When I feel motion sickness in an under water tunnel with no light in sight my mind doesn't cooperate with me.  I feel restless.  I feel I cannot breathe.  I feel my stomach is too big for my body pressing on my lungs.  I feel my air ducts are too narrow.  I hear my laborious breaths.  I urge to open the bottoms of my jacket, to take off my scarf, to puke to open up the tightened air ducts.  I consider pulling down the car window but I wonder if there is less oxygen outside, in a long tight tunnel, a few hundred feet under water.
Then I think about what my heart pleases.
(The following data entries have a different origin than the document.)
lemma tilt_stable_obtains_minimizer_map:
  fixes f :: "'a::real_inner \<Rightarrow> real"
  assumes "tilt_stable f xb \<kappa>" and "\<kappa> \<ge> 0"
  obtains \<gamma> \<eta> M where "\<gamma> > 0" "\<eta> > 0" "M 0 = xb"
    "\<And>v. v \<in> ball 0 \<eta> \<Longrightarrow> tilt_argmin f xb \<gamma> v = {M v}"
    "\<kappa>-lipschitz_on (ball 0 \<eta>) M"
proof -
  obtain \<gamma> \<eta> where \<gamma>: "\<gamma> > 0" and \<eta>: "\<eta> > 0"
    and single: "\<And>v. v \<in> ball 0 \<eta> \<Longrightarrow> \<exists>x. tilt_argmin f xb \<gamma> v = {x}"
    and lip: "\<And>v1 v2 x1 x2. v1 \<in> ball 0 \<eta> \<Longrightarrow> v2 \<in> ball 0 \<eta> \<Longrightarrow>
        tilt_argmin f xb \<gamma> v1 = {x1} \<Longrightarrow> tilt_argmin f xb \<gamma> v2 = {x2} \<Longrightarrow>
        norm (x1 - x2) \<le> \<kappa> * norm (v1 - v2)"
    and at0: "tilt_argmin f xb \<gamma> 0 = {xb}"
    using assms(1) unfolding tilt_stable_def by metis
  define M where "M v = (THE y. tilt_argmin f xb \<gamma> v = {y})" for v
  have argmin: "tilt_argmin f xb \<gamma> v = {M v}" if v: "v \<in> ball 0 \<eta>" for v
  proof -
    obtain y where y: "tilt_argmin f xb \<gamma> v = {y}"
      using single[OF v] by blast
    then have "M v = y"
      unfolding M_def by (rule the_equality) (use y in auto)
    with y show ?thesis
      by simp
  qed
  show ?thesis
  proof (rule that[OF \<gamma> \<eta> _ argmin])
    show "M 0 = xb"
      using argmin[of 0] at0 \<eta> by simp
    show "\<kappa>-lipschitz_on (ball 0 \<eta>) M"
    proof (rule lipschitz_onI)
      fix v1 v2 :: 'a
      assume "v1 \<in> ball 0 \<eta>" "v2 \<in> ball 0 \<eta>"
      from lip[OF this argmin[OF this(1)] argmin[OF this(2)]]
      show "dist (M v1) (M v2) \<le> \<kappa> * dist v1 v2"
        by (simp add: dist_norm)
    qed (rule assms(2))
  qed
qed
definition z_up :: "nat \<Rightarrow> (nat \<Rightarrow> 'a \<Rightarrow> ereal) \<Rightarrow> ('a \<Rightarrow> nat \<Rightarrow> real \<Rightarrow> real^'d \<Rightarrow> real)
    \<Rightarrow> (nat \<Rightarrow> 'a \<Rightarrow> real^'d) \<Rightarrow> (nat \<Rightarrow> real) \<Rightarrow> (nat \<Rightarrow> 'a \<Rightarrow> real) \<Rightarrow> (nat \<Rightarrow> 'a \<Rightarrow> real^'d)
    \<Rightarrow> nat \<Rightarrow> 'a \<Rightarrow> real^'d" where
  "z_up n S f \<beta> \<Delta> M0 Mv i \<omega> =
     theta_up n S f \<beta> \<Delta> M0 Mv (Suc i) \<omega> *\<^sub>R \<beta> (Suc i) \<omega> - (Mv (Suc i) \<omega> - Mv i \<omega>)"

end

theory Submission
  imports Defs
begin

text \<open>
  Fix \<open>\<omega>\<close> and \<open>i\<close> and write \<open>g(y) = f(i, y, z\<^sub>i)\<close>,
  \<open>a = \<theta>\<^sub>i\<^sub>+\<^sub>1 - (M\<^sup>0\<^sub>i\<^sub>+\<^sub>1 - M\<^sup>0\<^sub>i)\<close>. Since \<open>g\<close> is \<open>\<alpha>\<^sup>0\<^sub>i\<close>-Lipschitz and
  \<open>\<alpha>\<^sup>0\<^sub>i \<Delta>\<^sub>i < 1\<close>, the map \<open>y \<mapsto> a + g(y) \<Delta>\<^sub>i\<close> is a contraction with a unique fixed
  point \<open>y\<^sup>*\<close>, and the obstacle equation \<open>x = max(S\<^sub>i, a + g(x) \<Delta>\<^sub>i)\<close> is solved exactly
  by \<open>x = max(S\<^sub>i, y\<^sup>*)\<close>. By the Fenchel--Young inequality every \<open>r\<close> in the effective
  domain of \<open>g\<^sup>#\<close> gives \<open>(a - g\<^sup>#(r) \<Delta>\<^sub>i) / (1 - r \<Delta>\<^sub>i) \<le> y\<^sup>*\<close> (the denominator is
  positive because \<open>|r| \<le> \<alpha>\<^sup>0\<^sub>i\<close>), and a subgradient of the convex function \<open>g\<close> at \<open>y\<^sup>*\<close>
  attains equality.
\<close>

lemma convex_on_real_subgradient:
  fixes g :: "real \<Rightarrow> real"
  assumes cv: "convex_on UNIV g"
  shows "\<exists>r. \<forall>t. g y + r * (t - y) \<le> g t"
proof -
  define slope where "slope t = (g t - g y) / (t - y)" for t
  have slope_mono: "slope s \<le> slope t" if "s < y" "y < t" for s t
  proof -
    have "(g s - g y) / (s - y) \<le> (g s - g t) / (s - t)"
      "(g s - g t) / (s - t) \<le> (g y - g t) / (y - t)"
      using convex_on_slope_le[OF cv _ _ that] by auto
    then show ?thesis
      unfolding slope_def by (smt (verit) minus_divide_divide minus_diff_eq)
  qed
  have bdd: "bdd_below (slope ` {y<..})"
    using slope_mono[of "y - 1"] by (auto simp: bdd_below_def)
  define r where "r = Inf (slope ` {y<..})"
  have "g y + r * (t - y) \<le> g t" for t
  proof (cases t y rule: linorder_cases)
    case greater
    then have "r \<le> slope t"
      unfolding r_def using bdd by (intro cInf_lower) auto
    then have "r * (t - y) \<le> slope t * (t - y)"
      using greater by (intro mult_right_mono) auto
    then show ?thesis
      using greater by (simp add: slope_def)
  next
    case less
    then have "slope t \<le> r"
      unfolding r_def by (intro cInf_greatest) (auto intro: slope_mono)
    then have "r * (t - y) \<le> slope t * (t - y)"
      using less by (intro mult_right_mono_neg) auto
    then show ?thesis
      using less by (simp add: slope_def)
  qed simp
  then show ?thesis
    by blast
qed

lemma convex_on_Pair_fst:
  assumes "convex_on UNIV F"
  shows "convex_on UNIV (\<lambda>y. F (y, z))"
proof (rule convex_onI)
  fix t :: real and x y :: 'a assume t: "0 < t" "t < 1"
  have "(1 - t) *\<^sub>R (x, z) + t *\<^sub>R (y, z) = ((1 - t) *\<^sub>R x + t *\<^sub>R y, z)"
    by (simp add: algebra_simps)
  with convex_onD[OF assms, of t "(x, z)" "(y, z)"] t
  show "F ((1 - t) *\<^sub>R x + t *\<^sub>R y, z) \<le> (1 - t) * F (x, z) + t * F (y, z)"
    by simp
qed simp

definition convex_conjugate :: "(real \<Rightarrow> real) \<Rightarrow> real \<Rightarrow> ereal" where
  "convex_conjugate g r = (SUP y. ereal (r * y - g y))"

lemma convex_conjugate_lower: "ereal (r * y - g y) \<le> convex_conjugate g r"
  unfolding convex_conjugate_def by (rule SUP_upper) simp

lemma convex_conjugate_neq_minf: "convex_conjugate g r \<noteq> -\<infinity>"
  using convex_conjugate_lower[of r 0 g] by auto

lemma convex_conjugate_attained:
  assumes "\<And>t. g y + r * (t - y) \<le> g t"
  shows "convex_conjugate g r = ereal (r * y - g y)"
proof (rule antisym)
  show "convex_conjugate g r \<le> ereal (r * y - g y)"
    unfolding convex_conjugate_def using assms by (intro SUP_least) (simp add: algebra_simps)
qed (rule convex_conjugate_lower)

lemma convex_conjugate_finite_imp_abs_le:
  assumes lip: "C-lipschitz_on UNIV g" and fin: "convex_conjugate g r < \<infinity>"
  shows "\<bar>r\<bar> \<le> C"
proof (rule ccontr)
  assume "\<not> \<bar>r\<bar> \<le> C"
  then have rC: "C < \<bar>r\<bar>" by simp
  obtain B where B: "convex_conjugate g r = ereal B"
    using fin convex_conjugate_neq_minf by (cases "convex_conjugate g r") auto
  define T where "T = (\<bar>B\<bar> + \<bar>g 0\<bar> + 1) / (\<bar>r\<bar> - C)"
  define y where "y = sgn r * T"
  have T: "0 \<le> T" "(\<bar>r\<bar> - C) * T = \<bar>B\<bar> + \<bar>g 0\<bar> + 1"
    using rC by (simp_all add: T_def)
  have "g y - g 0 \<le> C * \<bar>y\<bar>"
    using lipschitz_onD[OF lip, of y 0] by (simp add: dist_real_def)
  also have "C * \<bar>y\<bar> \<le> C * T"
    using lipschitz_on_nonneg[OF lip] T(1) by (intro mult_left_mono) (auto simp: y_def abs_mult)
  finally have "g y \<le> g 0 + C * T"
    by simp
  moreover have "r * y = \<bar>r\<bar> * T"
    by (simp add: y_def abs_sgn)
  ultimately have "(\<bar>r\<bar> - C) * T - g 0 \<le> r * y - g y"
    by (simp add: algebra_simps)
  then have "B < r * y - g y"
    using T(2) by linarith
  with convex_conjugate_lower[of r y g] B show False
    by simp
qed

lemma lipschitz_contraction_diff_strict_mono:
  fixes h :: "real \<Rightarrow> real"
  assumes "k-lipschitz_on UNIV h" and "k < 1" and "y1 < y2"
  shows "y1 - h y1 < y2 - h y2"
proof -
  have "h y2 - h y1 \<le> k * (y2 - y1)"
    using lipschitz_onD[OF assms(1), of y2 y1] assms(3) by (simp add: dist_real_def)
  also have "\<dots> < y2 - y1"
    using assms(2,3) by simp
  finally show ?thesis
    by simp
qed

lemma obstacle_fixed_point_iff:
  fixes h :: "real \<Rightarrow> real" and S :: ereal
  assumes lip: "k-lipschitz_on UNIV h" and k: "k < 1" and fixed: "h y = y" and S: "S \<noteq> \<infinity>"
  shows "ereal x = max S (ereal (h x)) \<longleftrightarrow> ereal x = max S (ereal y)"
proof -
  have fixed_unique: "x = y" if "h x = x" for x
    using lipschitz_contraction_diff_strict_mono[OF lip k, of x y]
      lipschitz_contraction_diff_strict_mono[OF lip k, of y x] fixed that
    by (cases x y rule: linorder_cases) auto
  have below_fix: "x < y" if "x - h x < 0" for x
    using lipschitz_contraction_diff_strict_mono[OF lip k, of y x] fixed that
    by (cases x y rule: linorder_cases) auto
  have above_fix: "y < x" if "x - h x > 0" for x
    using lipschitz_contraction_diff_strict_mono[OF lip k, of x y] fixed that
    by (cases x y rule: linorder_cases) auto
  show ?thesis
  proof
    assume x: "ereal x = max S (ereal (h x))"
    show "ereal x = max S (ereal y)"
    proof (cases "h x = x")
      case True
      then show ?thesis
        using x fixed_unique by simp
    next
      case False
      with x have "h x < x" "ereal x = S"
        by (auto simp: max_def split: if_splits)
      then show ?thesis
        using above_fix[of x] by (auto simp: max_def)
    qed
  next
    assume x: "ereal x = max S (ereal y)"
    show "ereal x = max S (ereal (h x))"
    proof (cases "S \<le> ereal y")
      case True
      with x fixed show ?thesis
        by (simp add: max_def)
    next
      case False
      with x have "ereal x = S" "y < x"
        by (auto simp: max_def)
      with below_fix[of x] show ?thesis
        by (cases "h x = x") (auto simp: max_def)
    qed
  qed
qed

lemma the_obstacle_fixed_point:
  fixes h :: "real \<Rightarrow> real" and S :: ereal
  assumes "k-lipschitz_on UNIV h" and "k < 1" and "h y = y" and "S \<noteq> \<infinity>"
  shows "ereal (THE x. ereal x = max S (ereal (h x))) = max S (ereal y)"
proof -
  define x where "x = real_of_ereal (max S (ereal y))"
  have x: "ereal x = max S (ereal y)"
    using assms(4) by (cases S) (auto simp: x_def max_def)
  have "(THE x. ereal x = max S (ereal (h x))) = x"
    using x by (intro the_equality) (simp_all add: obstacle_fixed_point_iff[OF assms] flip: x)
  with x show ?thesis
    by simp
qed

lemma fixed_point_eq_SUP_convex_conjugate:
  fixes g :: "real \<Rightarrow> real"
  assumes \<Delta>: "\<Delta> > 0" and lip: "C-lipschitz_on UNIV g" and C\<Delta>: "C * \<Delta> < 1"
    and cv: "convex_on UNIV g" and fixed: "a + g y * \<Delta> = y"
  shows "ereal y = (SUP r \<in> {r. convex_conjugate g r < \<infinity>}.
            ereal ((a - real_of_ereal (convex_conjugate g r) * \<Delta>) / (1 - r * \<Delta>)))"
proof -
  let ?v = "\<lambda>r. (a - real_of_ereal (convex_conjugate g r) * \<Delta>) / (1 - r * \<Delta>)"
  have denom_pos: "0 < 1 - r * \<Delta>" if "convex_conjugate g r < \<infinity>" for r
  proof -
    have "r * \<Delta> \<le> C * \<Delta>"
      using convex_conjugate_finite_imp_abs_le[OF lip that] \<Delta> by (intro mult_right_mono) auto
    with C\<Delta> show ?thesis
      by simp
  qed
  have upper: "?v r \<le> y" if fin: "convex_conjugate g r < \<infinity>" for r
  proof -
    obtain B where B: "convex_conjugate g r = ereal B"
      using fin convex_conjugate_neq_minf by (cases "convex_conjugate g r") auto
    have "(r * y - g y) * \<Delta> \<le> B * \<Delta>"
      using convex_conjugate_lower[of r y g] B \<Delta> by (intro mult_right_mono) auto
    then have "a - B * \<Delta> \<le> y * (1 - r * \<Delta>)"
      using fixed by (simp add: algebra_simps)
    then show ?thesis
      using B denom_pos[OF fin] by (simp add: divide_le_eq mult.commute)
  qed
  obtain r where "\<And>t. g y + r * (t - y) \<le> g t"
    using convex_on_real_subgradient[OF cv] by blast
  then have conj_r: "convex_conjugate g r = ereal (r * y - g y)"
    by (rule convex_conjugate_attained)
  then have "a - real_of_ereal (convex_conjugate g r) * \<Delta> = y * (1 - r * \<Delta>)"
    using fixed by (simp add: algebra_simps)
  moreover have "0 < 1 - r * \<Delta>"
    using denom_pos conj_r by simp
  ultimately have attained: "?v r = y"
    by simp
  show ?thesis
  proof (rule antisym)
    show "ereal y \<le> (SUP r \<in> {r. convex_conjugate g r < \<infinity>}. ereal (?v r))"
      using attained conj_r by (intro SUP_upper2[of r]) auto
    show "(SUP r \<in> {r. convex_conjugate g r < \<infinity>}. ereal (?v r)) \<le> ereal y"
      using upper by (intro SUP_least) auto
  qed
qed

lemma obstacle_equation_conjugate_form:
  fixes g :: "real \<Rightarrow> real" and S :: ereal
  assumes \<Delta>: "\<Delta> > 0" and lip: "C-lipschitz_on UNIV g" and C\<Delta>: "C * \<Delta> < 1"
    and cv: "convex_on UNIV g" and S: "S \<noteq> \<infinity>"
  shows "ereal (THE x. ereal x = max S (ereal (a + g x * \<Delta>))) =
     max S (SUP r \<in> {r. convex_conjugate g r < \<infinity>}.
        ereal ((a - real_of_ereal (convex_conjugate g r) * \<Delta>) / (1 - r * \<Delta>)))"
proof -
  have contr: "(C * \<Delta>)-lipschitz_on UNIV (\<lambda>x. a + g x * \<Delta>)"
    using lip \<Delta> by (auto intro!: lipschitz_onI simp: lipschitz_on_def dist_real_def
        left_diff_distrib[symmetric] abs_mult mult_right_mono)
  obtain y where fixed: "a + g y * \<Delta> = y"
    using banach_fix_type[of "C * \<Delta>" "\<lambda>x. a + g x * \<Delta>"] contr C\<Delta>
    by (auto simp: lipschitz_on_def)
  show ?thesis
    using the_obstacle_fixed_point[OF contr C\<Delta>, of y S] fixed S
      fixed_point_eq_SUP_convex_conjugate[OF \<Delta> lip C\<Delta> cv fixed] by simp
qed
I mentally escape the scene.  I imagine an ocean, the sun, the breeze.  I imagine my love, his hand on my shoulders, smiling down at me.
I don't pray.  It is too early to pray.  I cannot give in.
Just as I am forgetting about lack of oxygen and the sound of my breaths and the tightness in my air ducts I see the light in the end of the tunnel.
I made it through! I thank God.

It is suffocating to imagine how water boarding must feel.
It is suffocating to imagine how those mothers must feel when they learned their 15 year old would never come back home from school let alone learning that he was shut to death.
It is suffocatibg to imagine how a detainee was frozen to death, chained on concrete floor, bare.
It is suffocating to imagine how it feels being held hostage in a coffee shop and witnessing the murder of human kind in front of your eyes.
I close my eyes.  I try to imagine the ocean, the sun, the breeze, the loved ones.
It is too late for imaginations.
I pray...

No comments:

Post a Comment

About Me

My photo
An emigrant from an ancient civilization to North America, an engineer in marketing and management, a mom of working kind, who thinks when she talks, and who likes to write. I, L.B., own the copyright to the content.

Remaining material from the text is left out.